“Lampedusa”, cette île déserte (16ème-19ème siècle), connue par la chronique de la migration clandestine en Méditerranée, auparavant la “chapelle” où était niché le tombeau d’un saint musulman, était au carrefour de la navigation dans le bassin méditerranéen pour les bateaux ottomans, arabes européens où ils faisaient escale pour s’approvisionner en eau et en bois de forets.
C’est ainsi que la décrit Dionigi Albera, anthropologue italien en commentant une pièce exposée au Musée du Bardo dans le cadre de l’exposition lieux saints partagés qui se tient du 19 novembre au 12 février 2017. Commissaire de l’exposition auparavant, dans la version du Musée des civilisations de l’Europe et de la Méditerranée (Mucem), il précise que cette pièce représente une sorte de crèche, réunissant la sainte famille, la vierge Maie et l’enfant Jésus, en train de sauver un naufragé. Cette image incarne selon lui, cette île qui était une sorte de lieu de trêve grâce à ce sanctuaire, où en moment de guerre, les gens laissaient des offrandes (objets, nourritures) destinées uniquement aux naufragés. D’ailleurs, a-t-il avancé, cette île a gardé sa vocation de lieu de partage par cette histoire encore présente dans la mémoire.
Pour Dionigi, avec la division qui marque le monde actuel, le musée national du Bardo, qui était le théâtre d’une attaque sanglante en 2015, présente une exposition qui essaye d’aller à contre courant en montrant ce qui est commun. D’ailleurs, a-t-il fait observer, le thème de l’exposition ne concerne pas spécialement les religions mais la religiosité en tant que définition plus large. A ce sujet, Dionigi Albera met l’intitulé de l’exposition dans son contexte le plus précis en définissant la portée de chacun des mots :Lieux Saints partagés.
Pour le mot lieu saint, il faut faire, selon lui, la distinction entre lieu saint et lieu de culte qui est davantage le lieu de la fréquentation ordinaire où une communauté de croyants se rend de manière régulière pour la prière et la vénération. Le mot renvoie même à la dimension de communauté, “ce qui est la signification étymologique des appellations synagogue, église et mosquée qui laisse entendre aussi “l’assemblement” ou “réunion”.

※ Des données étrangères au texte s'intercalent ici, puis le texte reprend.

(* A graph $G$ is well-bicovered with $b(G)=|V(G)|-1$ if and only if there exists an odd cycle $C$ in $G$ such that every odd cycle of $G$ contains every vertex of $C$.
   Context: All graphs are finite and simple; "subgraph" means induced subgraph. $b(G)$ denotes the maximum order of an induced bipartite subgraph of $G$. $G$ is well-bicovered if every vertex-inclusion-maximal induced bipartite subgraph of $G$ has the same order. *)

theory Defs
  imports Main
begin

definition simple_graph :: "'a set \<Rightarrow> ('a \<Rightarrow> 'a \<Rightarrow> bool) \<Rightarrow> bool" where
  "simple_graph V E \<longleftrightarrow> finite V \<and> (\<forall>u v. E u v \<longrightarrow> E v u) \<and> (\<forall>v. \<not> E v v)
     \<and> (\<forall>u v. E u v \<longrightarrow> u \<in> V \<and> v \<in> V)"

definition induced_bipartite :: "('a \<Rightarrow> 'a \<Rightarrow> bool) \<Rightarrow> 'a set \<Rightarrow> bool" where
  "induced_bipartite E S \<longleftrightarrow>
     (\<exists>c :: 'a \<Rightarrow> bool. \<forall>u\<in>S. \<forall>v\<in>S. E u v \<longrightarrow> c u \<noteq> c v)"

definition maximal_induced_bipartite ::
    "'a set \<Rightarrow> ('a \<Rightarrow> 'a \<Rightarrow> bool) \<Rightarrow> 'a set \<Rightarrow> bool" where
  "maximal_induced_bipartite V E S \<longleftrightarrow> S \<subseteq> V \<and> induced_bipartite E S \<and>
     (\<forall>T. S \<subset> T \<and> T \<subseteq> V \<longrightarrow> \<not> induced_bipartite E T)"

definition bip_number :: "'a set \<Rightarrow> ('a \<Rightarrow> 'a \<Rightarrow> bool) \<Rightarrow> nat" where
  "bip_number V E = Max {card S | S. S \<subseteq> V \<and> induced_bipartite E S}"

definition well_bicovered :: "'a set \<Rightarrow> ('a \<Rightarrow> 'a \<Rightarrow> bool) \<Rightarrow> bool" where
  "well_bicovered V E \<longleftrightarrow>
     (\<forall>S T. maximal_induced_bipartite V E S \<and> maximal_induced_bipartite V E T
        \<longrightarrow> card S = card T)"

Tandis qu’un lieu saint est un lieu de pèlerinage fréquenté d’une manière non régulière, et qui est en général plus chargé d’une force spirituelle. Expliquant le mot “partagés”, il a tenu à préciser que dans les lieux de culte, il existe toujours un partage, mais d’une manière différente et plus organisé.
En suivant le fil des lieux saints partagés, l’exposition du Bardo montre aussi un autre type de partage, celui du partage entre les symboles, les croyances, les personnages saints, par exemple bibliques, qui sont reconnus par les juifs, les musulmans et les chrétiens. D’ailleurs, a-t-il mentionné, tous les objets exposés du rituel quotidien dans les trois religions monothéistes sont perçus comment éléments complémentaires à l’exposition composée notamment de monuments historiques, de tableaux et les livres de la Torah, de la Bible et du Coran.
Au sujet des valeurs du partage aujourd’hui, Dionigi a évoqué un projet à Berlin (Allemagne), portant sur la création d’un lieu de culte commun aux trois religions doté d’espaces pour musulmans, juifs et chrétiens avec une salle commune.